#### Instructions for the task
In the listing that follows, the range to quote begins at the line that has "(B / r) \<le> R" and ends after the line that has "then show ?thesis using deficit"; quote it verbatim and add nothing.

#### Data for this task

(* Let $m$ balls be placed independently and uniformly at random into $n$ bins, where $m=\Theta(n)$, and let $\mu = m/n$. Let $x>1$ and $k\ge 1$. Then with probability $1-2^{-\Omega(k)}$ there does not exist any $i$ such that the first $i$ bins contain at least $(1+1/x)\, i\mu + kx$ balls.
   Context: The bins are indexed $1,\dots,n$; "the first $i$ bins" means bins $1,\dots,i$. The constant in $\Omega(k)$ does not depend on $x,k,n$. *)

theory Defs
  imports "HOL-Probability.Probability"
begin

text \<open>Balls are indexed 0..m-1, bins 1..n. An outcome assigns each ball a bin;
  the uniform distribution over all assignments models independent uniform placement.\<close>
definition balls_into_bins :: "nat \<Rightarrow> nat \<Rightarrow> (nat \<Rightarrow> nat) pmf" where
  "balls_into_bins m n = pmf_of_set (PiE {..<m} (\<lambda>_. {1..n}))"

definition prefix_load :: "nat \<Rightarrow> (nat \<Rightarrow> nat) \<Rightarrow> nat \<Rightarrow> nat" where
  "prefix_load m f i = card {b \<in> {..<m}. f b \<le> i}"

end

theory Submission
  imports Defs
begin

(* Reveal the bins one at a time. For r > 0 let M_i be the conditional expectation of r ^ L_J,
   where L_J is the load of the first J = n div 2 bins, given where the balls in the first i bins
   are; explicitly M_i = r ^ L_i * B_i ^ (m - L_i), B_i being the mean of r ^ [v <= J] over the
   bins v = i+1..n. Doob's maximal inequality bounds the probability that some M_i with i <= J
   exceeds E M_J * e^t = B_0 ^ m * e^t by e^-t. With r = 1 + 1/(2x), an overloaded prefix
   i <= J forces ln M_i >= m ln B_0 + k/12. An overloaded prefix i > J leaves too few balls in the
   last n - i <= J bins; reflecting the bins and taking r = 1 - 1/x, this forces the martingale
   above B_0 ^ m * e^(k/2). Hence the probability is at most e^(-k/12) + e^(-k/2) <= 2^(-k/24) once
   k >= 24. The bound is uniform in m. *)

section \<open>Doob's maximal inequality on a finite space\<close>

lemma sum_eq_if_fiber_sums_eq:
  assumes "finite \<Omega>" "S \<subseteq> \<Omega>"
    and saturated: "\<And>f g. f \<in> S \<Longrightarrow> g \<in> \<Omega> \<Longrightarrow> t g = t f \<Longrightarrow> g \<in> S"
    and fibers: "\<And>f. f \<in> S \<Longrightarrow> sum a {g \<in> \<Omega>. t g = t f} = sum b {g \<in> \<Omega>. t g = t f}"
  shows "sum a S = sum b S"
proof -
  have "finite S" using assms(1,2) by (rule finite_subset[rotated])
  have fiber: "{g \<in> S. t g = y} = {g \<in> \<Omega>. t g = y}" if "y \<in> t ` S" for y
    using that assms(2) saturated by blast
  have "sum a S = (\<Sum>y\<in>t ` S. sum a {g \<in> S. t g = y})"
    by (rule sum.group[symmetric]) (auto simp: \<open>finite S\<close>)
  also have "\<dots> = (\<Sum>y\<in>t ` S. sum b {g \<in> S. t g = y})"
  proof (rule sum.cong[OF refl])
    fix y assume "y \<in> t ` S"
    then show "sum a {g \<in> S. t g = y} = sum b {g \<in> S. t g = y}"
      using fibers fiber by auto
  qed
  also have "\<dots> = sum b S"
    by (rule sum.group) (auto simp: \<open>finite S\<close>)
  finally show ?thesis .
qed

lemma finite_doob_maximal_inequality:
  fixes M :: "nat \<Rightarrow> 'a \<Rightarrow> real" and t :: "nat \<Rightarrow> 'a \<Rightarrow> 'b"
  assumes "finite \<Omega>" "0 < \<Theta>" and nonneg: "\<And>f. f \<in> \<Omega> \<Longrightarrow> 0 \<le> M J f"
    and adapted: "\<And>i i' f g. i' \<le> i \<Longrightarrow> f \<in> \<Omega> \<Longrightarrow> g \<in> \<Omega> \<Longrightarrow> t i f = t i g \<Longrightarrow>
      M i' f = M i' g"
    and martingale: "\<And>i f. i \<le> J \<Longrightarrow> f \<in> \<Omega> \<Longrightarrow>
      sum (M J) {g \<in> \<Omega>. t i g = t i f} = sum (M i) {g \<in> \<Omega>. t i g = t i f}"
  shows "\<Theta> * card {f \<in> \<Omega>. \<exists>i\<le>J. \<Theta> \<le> M i f} \<le> sum (M J) \<Omega>"
proof -
  (* S i: the first crossing of \<Theta> happens at time i. This is decided by t i, so S i is a union
     of fibres of t i and the martingale property applies on it. *)
  define S where "S i = {f \<in> \<Omega>. \<Theta> \<le> M i f \<and> (\<forall>i'<i. M i' f < \<Theta>)}" for i
  have union: "{f \<in> \<Omega>. \<exists>i\<le>J. \<Theta> \<le> M i f} = (\<Union>i\<le>J. S i)"
  proof (intro equalityI subsetI)
    fix f assume "f \<in> {f \<in> \<Omega>. \<exists>i\<le>J. \<Theta> \<le> M i f}"
    then obtain i where f: "f \<in> \<Omega>" "i \<le> J" "\<Theta> \<le> M i f" by auto
    define i0 where "i0 = (LEAST i. \<Theta> \<le> M i f)"
    have "\<Theta> \<le> M i0 f" "i0 \<le> i" "\<forall>i'<i0. M i' f < \<Theta>"
      unfolding i0_def using f(3) by (auto intro: LeastI Least_le dest: not_less_Least)
    then show "f \<in> (\<Union>i\<le>J. S i)" using f unfolding S_def by auto
  qed (auto simp: S_def)
  have finite: "finite (S i)" for i using \<open>finite \<Omega>\<close> unfolding S_def by simp
  have disjoint: "S i \<inter> S j = {}" if "i \<noteq> j" for i j
    using that unfolding S_def by (cases i j rule: linorder_cases) auto
  have stopped: "\<Theta> * card (S i) \<le> sum (M J) (S i)" if "i \<le> J" for i
  proof -
    have "\<Theta> * card (S i) \<le> sum (M i) (S i)"
      using sum_mono[of "S i" "\<lambda>_. \<Theta>" "M i"] unfolding S_def by (auto simp: mult.commute)
    also have "\<dots> = sum (M J) (S i)"
    proof (rule sum_eq_if_fiber_sums_eq[OF \<open>finite \<Omega>\<close>])
      fix f g assume "f \<in> S i" "g \<in> \<Omega>" "t i g = t i f"
      then show "g \<in> S i" using adapted[of _ i g f] unfolding S_def by auto
    qed (use martingale that in \<open>auto simp: S_def\<close>)
    finally show ?thesis .
  qed
  have "\<Theta> * card {f \<in> \<Omega>. \<exists>i\<le>J. \<Theta> \<le> M i f} = (\<Sum>i\<le>J. \<Theta> * card (S i))"
    unfolding union using finite disjoint by (subst card_UN_disjoint) (auto simp: sum_distrib_left)
  also have "\<dots> \<le> (\<Sum>i\<le>J. sum (M J) (S i))"
    by (intro sum_mono stopped) simp
  also have "\<dots> = sum (M J) (\<Union>i\<le>J. S i)"
    using finite disjoint by (subst sum.UNION_disjoint) auto
  also have "\<dots> \<le> sum (M J) \<Omega>"
    using \<open>finite \<Omega>\<close> nonneg by (intro sum_mono2) (auto simp: S_def)
  finally show ?thesis .
qed

section \<open>Logarithmic estimates\<close>

(* For a ball that is uniform on the bins I+1..N, the mean of r^[ball lands in a bin <= J]. *)
definition tail_mean :: "real \<Rightarrow> real \<Rightarrow> real \<Rightarrow> real \<Rightarrow> real" where
  "tail_mean N J r I = ((J - I) * r + (N - J)) / (N - I)"

lemma tail_mean_pos:
  assumes "0 \<le> I" "I \<le> J" "J < N" "0 < r"
  shows "0 < tail_mean N J r I"
  using assms unfolding tail_mean_def by (intro divide_pos_pos add_nonneg_pos) auto

lemma tail_mean_self:
  assumes "J < N"
  shows "tail_mean N J r J = 1"
  using assms unfolding tail_mean_def by simp

lemma tail_mean_gap:
  assumes "0 \<le> I" "I \<le> J" "2 * J \<le> N" "0 < N"
  obtains q where "1 / 2 \<le> q" "q \<le> 1" "r - tail_mean N J r I = (r - 1) * q"
proof
  show "1 / 2 \<le> (N - J) / (N - I)" "(N - J) / (N - I) \<le> 1"
    using assms by (simp_all add: field_simps)
  show "r - tail_mean N J r I = (r - 1) * ((N - J) / (N - I))"
    using assms unfolding tail_mean_def by (simp add: field_simps)
qed

(* The right-hand side is ln (M_I / M_0) for the exposure martingale when the first I of N bins
   hold L of the M balls. *)
lemma ln_exposure_gain_ge:
  assumes "0 \<le> I" "I \<le> J" "J < N" "0 < r" "0 \<le> M"
  defines "B \<equiv> tail_mean N J r I"
  shows "L * ln (r / B) + M / N * I * (1 - r / B)
           \<le> L * ln r + (M - L) * ln B - M * ln (tail_mean N J r 0)"
proof -
  define B0 where "B0 = tail_mean N J r 0"
  have B: "0 < B" "0 < B0" unfolding B_def B0_def using assms by (auto intro: tail_mean_pos)
  have "M * (B0 - B) = M / N * I * (r - B)"
    using assms unfolding B_def B0_def tail_mean_def by (simp add: field_simps)
  then have scaled: "M * (B0 / B - 1) = M / N * I * (r / B - 1)"
    using B by (simp add: field_simps)
  have "ln (B0 / B) \<le> B0 / B - 1"
    using B by (intro ln_le_minus_one) simp
  then have "M * ln (B0 / B) \<le> M * (B0 / B - 1)"
    using \<open>0 \<le> M\<close> by (rule mult_left_mono)
  then have "M * (ln B0 - ln B) \<le> M / N * I * (r / B - 1)"
    using B scaled by (simp add: ln_div)
  then have "M / N * I * (1 - r / B) \<le> M * (ln B - ln B0)"
    by (simp add: right_diff_distrib)
  moreover have "L * ln r + (M - L) * ln B - M * ln B0 = L * ln (r / B) + M * (ln B - ln B0)"
    using B \<open>0 < r\<close> by (simp add: ln_div algebra_simps)
  ultimately show ?thesis unfolding B0_def by linarith
qed

lemma ln_gain_ge_of_excess:
  fixes x k A L u :: real
  defines "e \<equiv> 1 / (2 * x)"
  assumes x: "1 < x" and k: "0 \<le> k" and A: "0 \<le> A" and u: "e / 3 \<le> u" "u \<le> e"
    and excess: "(1 + 1 / x) * A + k * x \<le> L"
  shows "k / 12 \<le> L * ln (1 + u) - A * u"
proof -
  have e: "0 < e" "e \<le> 1 / 2" using x unfolding e_def by auto
  have ln_u: "u - u\<^sup>2 \<le> ln (1 + u)" "0 \<le> ln (1 + u)"
    using ln_one_plus_pos_lower_bound[of u] u e by auto
  define T where "T = (1 + 1 / x) * A + k * x"
  have "0 \<le> T" unfolding T_def using x k A by simp
  have "T * (u - u\<^sup>2) \<le> L * ln (1 + u)"
    using mult_left_mono[OF ln_u(1) \<open>0 \<le> T\<close>] mult_right_mono[OF excess ln_u(2)]
    unfolding T_def by linarith
  moreover have "u \<le> (1 + 1 / x) * (u - u\<^sup>2)"
  proof -
    have "u * (1 + 1 / x) \<le> e * (1 + 1 / x)" using u x by (intro mult_right_mono) auto
    also have "\<dots> \<le> 1 / x" unfolding e_def using x by (simp add: field_simps)
    finally have "u * (u * (1 + 1 / x)) \<le> u * (1 / x)"
      using u e by (intro mult_left_mono) auto
    then show ?thesis by (simp add: power2_eq_square algebra_simps)
  qed
  then have "A * u \<le> A * ((1 + 1 / x) * (u - u\<^sup>2))" using A by (rule mult_left_mono)
  moreover have "k / 12 \<le> k * x * (u - u\<^sup>2)"
  proof -
    have "u * u \<le> u * (1 / 2)" using u e by (intro mult_left_mono) auto
    then have "e / 6 \<le> u - u\<^sup>2" using u unfolding power2_eq_square by linarith
    then have "k * x * (e / 6) \<le> k * x * (u - u\<^sup>2)" using k x by (intro mult_left_mono) auto
    then show ?thesis unfolding e_def using x by simp
  qed
  moreover have "T * (u - u\<^sup>2) = A * ((1 + 1 / x) * (u - u\<^sup>2)) + k * x * (u - u\<^sup>2)"
    unfolding T_def by (simp add: algebra_simps)
  ultimately show ?thesis by linarith
qed

lemma ln_gain_ge_of_deficit:
  fixes x k A R B :: real
  defines "r \<equiv> 1 - 1 / x"
  assumes x: "1 < x" and k: "0 \<le> k" and R: "0 \<le> R" and A: "0 \<le> A"
    and B: "r + 1 / (2 * x) \<le> B" "B \<le> 1"
    and deficit: "R \<le> r * A - k * x"
  shows "k / 2 \<le> R * ln (r / B) + A * (1 - r / B)"
proof -
  define d where "d = 1 / x"
  have d: "0 < d" "d < 1" "r = 1 - d" "1 / (2 * x) = d / 2"
    using x unfolding d_def r_def by auto
  have "0 < r" using d by simp
  have B: "0 < B" "r \<le> B" "d / 2 \<le> B - r" "B \<le> 1" using B d by linarith+
  have "ln (B / r) \<le> B / r - 1" using B \<open>0 < r\<close> by (intro ln_le_minus_one) auto
  then have "R * ln (B / r) \<le> R * ((B - r) / r)"
    using \<open>0 < r\<close> R by (intro mult_left_mono) (auto simp: field_simps)
  moreover have "R * ln (r / B) = - (R * ln (B / r))"
    using B \<open>0 < r\<close> by (simp add: ln_div algebra_simps)
  moreover have "B - r \<le> 1 - r / B"
  proof -
    have "(B - r) * B \<le> B - r" using B by (intro mult_left_le) auto
    then show ?thesis using B by (simp add: field_simps)
  qed
  then have "A * (B - r) \<le> A * (1 - r / B)" using A by (rule mult_left_mono)
  moreover have "k * x \<le> (A * r - R) / r"
  proof -
    have "k * x * r \<le> k * x" unfolding r_def using k x by (intro mult_left_le) auto
    then show ?thesis using deficit \<open>0 < r\<close> by (simp add: le_divide_eq mult_ac)
  qed
  then have "(B - r) * (k * x) \<le> (B - r) * ((A * r - R) / r)"
    using B by (intro mult_left_mono) auto
  moreover have "(B - r) * ((A * r - R) / r) = A * (B - r) - R * ((B - r) / r)"
    using \<open>0 < r\<close> by (simp add: field_simps)
  moreover have "d / 2 * (k * x) \<le> (B - r) * (k * x)"
    using B k x by (intro mult_right_mono) auto
  moreover have "d / 2 * (k * x) = k / 2" unfolding d_def using x by simp
  ultimately show ?thesis by linarith
qed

#### Result of this task
  then have "R * ln (B / r) \<le> R * ((B - r) / r)"
    using \<open>0 < r\<close> R by (intro mult_left_mono) (auto simp: field_simps)
  moreover have "R * ln (r / B) = - (R * ln (B / r))"
    using B \<open>0 < r\<close> by (simp add: ln_div algebra_simps)
  moreover have "B - r \<le> 1 - r / B"
  proof -
    have "(B - r) * B \<le> B - r" using B by (intro mult_left_le) auto
    then show ?thesis using B by (simp add: field_simps)
  qed
  then have "A * (B - r) \<le> A * (1 - r / B)" using A by (rule mult_left_mono)
  moreover have "k * x \<le> (A * r - R) / r"
  proof -
    have "k * x * r \<le> k * x" unfolding r_def using k x by (intro mult_left_le) auto
    then show ?thesis using deficit \<open>0 < r\<close> by (simp add: le_divide_eq mult_ac)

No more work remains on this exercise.